The new formation launched a new offensive, Operation Crusader, in November. After a see-saw battle, the 70th Division garrisoning Tobruk was relieved and the Axis forces were forced to fall back. By January 1942, the front line was again at El Agheila.

After receiving supplies and reinforcements from Tripoli, the Axis attacked again, defeating the Allies at Gazala in June and capturing Tobruk. The Axis forces drove the Eighth Army back over the Egyptian border, but their advance was stopped in July only  from Alexandria in the First Battle of El Alamein.

Of great significance, on 29 June reports of British military operations in North Africa sent to Washington by the US Military Attaché in Cairo, Bonner Fellers, no longer used the compromised "Black Code" which the Axis forces had been reading, so the Axis could no longer learn of British "strengths, positions, losses, reinforcements, supply, situation, plans, morale etc" as they had since 1940.

General Auchinleck, although he had checked Rommel's advance at the First Battle of El Alamein, was replaced by General Harold Alexander. Lieutenant-General William Gott was promoted from XIII Corps commander to command of the entire Eighth Army, but he was killed when his aircraft was intercepted and shot down over Egypt. He was replaced by Lieutenant-General Bernard Montgomery.

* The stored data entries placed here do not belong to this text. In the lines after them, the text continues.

lemma countable_nondifferentiable_Max:
  fixes f :: "'i \<Rightarrow> real \<Rightarrow> real"
  assumes "finite I" "I \<noteq> {}"
    and "\<And>k. k \<in> I \<Longrightarrow> countable {t\<in>S. \<not> f k differentiable (at t)}"
  shows "countable {t\<in>S. \<not> (\<lambda>s. Max ((\<lambda>k. f k s) ` I)) differentiable (at t)}"
  using assms
proof (induction I rule: finite_ne_induct)
  case (singleton k)
  then show ?case by simp
next
  case (insert k I)
  define F where "F s = Max ((\<lambda>k. f k s) ` I)" for s
  define Z where "Z = {s. f k s = F s}"
  have "{t\<in>S. \<not> (\<lambda>s. Max ((\<lambda>k. f k s) ` insert k I)) differentiable (at t)}
      \<subseteq> {t\<in>S. \<not> f k differentiable (at t)} \<union> {t\<in>S. \<not> F differentiable (at t)}
          \<union> {z\<in>Z. \<not> z islimpt Z}"
    using max_differentiable_at[of "f k" _ F] insert.hyps
    by (auto simp: F_def Z_def fun_eq_iff)
  moreover have "countable {t\<in>S. \<not> F differentiable (at t)}"
    unfolding F_def by (intro insert.IH insert.prems) simp
  moreover have "countable {t\<in>S. \<not> f k differentiable (at t)}"
    by (rule insert.prems) simp
  ultimately show ?case
    using countable_isolated_points[of Z] by (meson countable_Un countable_subset)
qed

lemma continuous_on_Max:
  fixes f :: "'i \<Rightarrow> 'b::topological_space \<Rightarrow> real"
  assumes "finite I" "I \<noteq> {}" "\<And>k. k \<in> I \<Longrightarrow> continuous_on S (f k)"
  shows "continuous_on S (\<lambda>s. Max ((\<lambda>k. f k s) ` I))"
  using assms
proof (induction I rule: finite_ne_induct)
  case (singleton k)
  then show ?case by simp
next
  case (insert k I)
  then have "continuous_on S (\<lambda>s. max (f k s) (Max ((\<lambda>k. f k s) ` I)))"
    by (intro continuous_on_max) auto
  then show ?case
    using insert by simp
qed

lemma has_real_derivative_norm:
  fixes u :: "real \<Rightarrow> 'a::real_inner"
  assumes u: "(u has_vector_derivative u') (at t)" and "u t \<noteq> 0"
  shows "((\<lambda>s. norm (u s)) has_real_derivative u' \<bullet> sgn (u t)) (at t)"
proof -
  have "((\<lambda>s. norm (u s)) has_derivative (\<lambda>h. (h *\<^sub>R u') \<bullet> sgn (u t))) (at t)"
    using has_derivative_compose[OF u[unfolded has_vector_derivative_def] has_derivative_norm[OF \<open>u t \<noteq> 0\<close>]]
    by (simp add: o_def)
  then show ?thesis
    by (simp add: has_field_derivative_def mult_commute_abs)
qed

lemma DERIV_eq_if_touching_from_below:
  fixes f g :: "real \<Rightarrow> real"
  assumes "(f has_real_derivative D) (at t)" "(g has_real_derivative E) (at t)"
    and "\<And>s. g s \<le> f s" "g t = f t"
  shows "D = E"
proof -
  have "D - E = 0"
    by (rule DERIV_local_min[OF DERIV_diff[OF assms(1,2)], of 1]) (use assms(3,4) in auto)
  then show ?thesis by simp
qed

lemma inner_le_0_if_farthest:
  fixes p q r :: "'a::real_inner"
  assumes "norm (r - q) \<le> norm (p - q)"
  shows "(p - q) \<bullet> (r - p) \<le> 0"
proof -
  have "(p - q) \<bullet> (r - p) = (p - q) \<bullet> (r - q) - norm (p - q) ^ 2"
    by (simp add: power2_norm_eq_inner algebra_simps inner_diff_right)
  also have "(p - q) \<bullet> (r - q) \<le> norm (p - q) * norm (r - q)"
    by (rule norm_cauchy_schwarz)
  also have "\<dots> \<le> norm (p - q) ^ 2"
    using assms by (simp add: power2_eq_square mult_left_mono)
  finally show ?thesis by simp
qed

lemma continuous_on_integral_over_window:
  fixes f :: "real \<Rightarrow> real"
  assumes f: "continuous_on {a - h..b} f" and "0 \<le> h"
  shows "continuous_on {a..b} (\<lambda>s. integral {s - h..s} f)"
proof -
  define F where "F u = integral {a - h..u} f" for u
  have F: "continuous_on {a - h..b} F"
    unfolding F_def by (intro indefinite_integral_continuous_1 integrable_continuous_interval f)
  have "continuous_on {a..b} (\<lambda>s. F s - F (s - h))"
    using \<open>0 \<le> h\<close>
    by (intro continuous_on_diff continuous_on_subset[OF F] continuous_on_compose2[OF F])
       (auto intro!: continuous_intros)
  moreover have "integral {s - h..s} f = F s - F (s - h)" if "s \<in> {a..b}" for s
  proof -
    have "integral {a - h..s - h} f + integral {s - h..s} f = F s"
      unfolding F_def using that \<open>0 \<le> h\<close>
      by (intro Henstock_Kurzweil_Integration.integral_combine
            integrable_continuous_interval continuous_on_subset[OF f]) auto
    then show ?thesis unfolding F_def by simp
  qed
  ultimately show ?thesis
    by (metis (no_types, lifting) continuous_on_cong)
qed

At the end of June, Axis forces made a second attempt to break through the Allied defences at El Alamein at Alam Halfa, but were unsuccessful. After a lengthy period of build-up and training, the Eighth Army launched a major offensive, decisively defeating the Italian-German army in the Second Battle of El Alamein in late October, driving Axis forces west and capturing Tripoli in mid-January 1943. By February, the Eighth Army was facing the Italian-German Panzer Army near the Mareth Line and came under command of General Harold Alexander's 18th Army Group for the concluding phase of the war in North Africa - the Tunisia Campaign.

Operation Torch

Operation Torch in November 1942 was a compromise operation that met the British objective of securing victory in North Africa while allowing American armed forces the opportunity to engage in the fight against Nazi Germany on a limited scale. In addition, as Joseph Stalin, the leader of the Soviet Union, had long been pleading for a second front to be opened to engage the Wehrmacht and relieve pressure on the Red Army, it provided some degree of relief for the Red Army on the Eastern Front by diverting Axis forces to the North African theatre. Over half the German Ju 52 transport planes that were needed to supply the encircled Axis forces at Stalingrad were tied up supplying Axis forces in North Africa.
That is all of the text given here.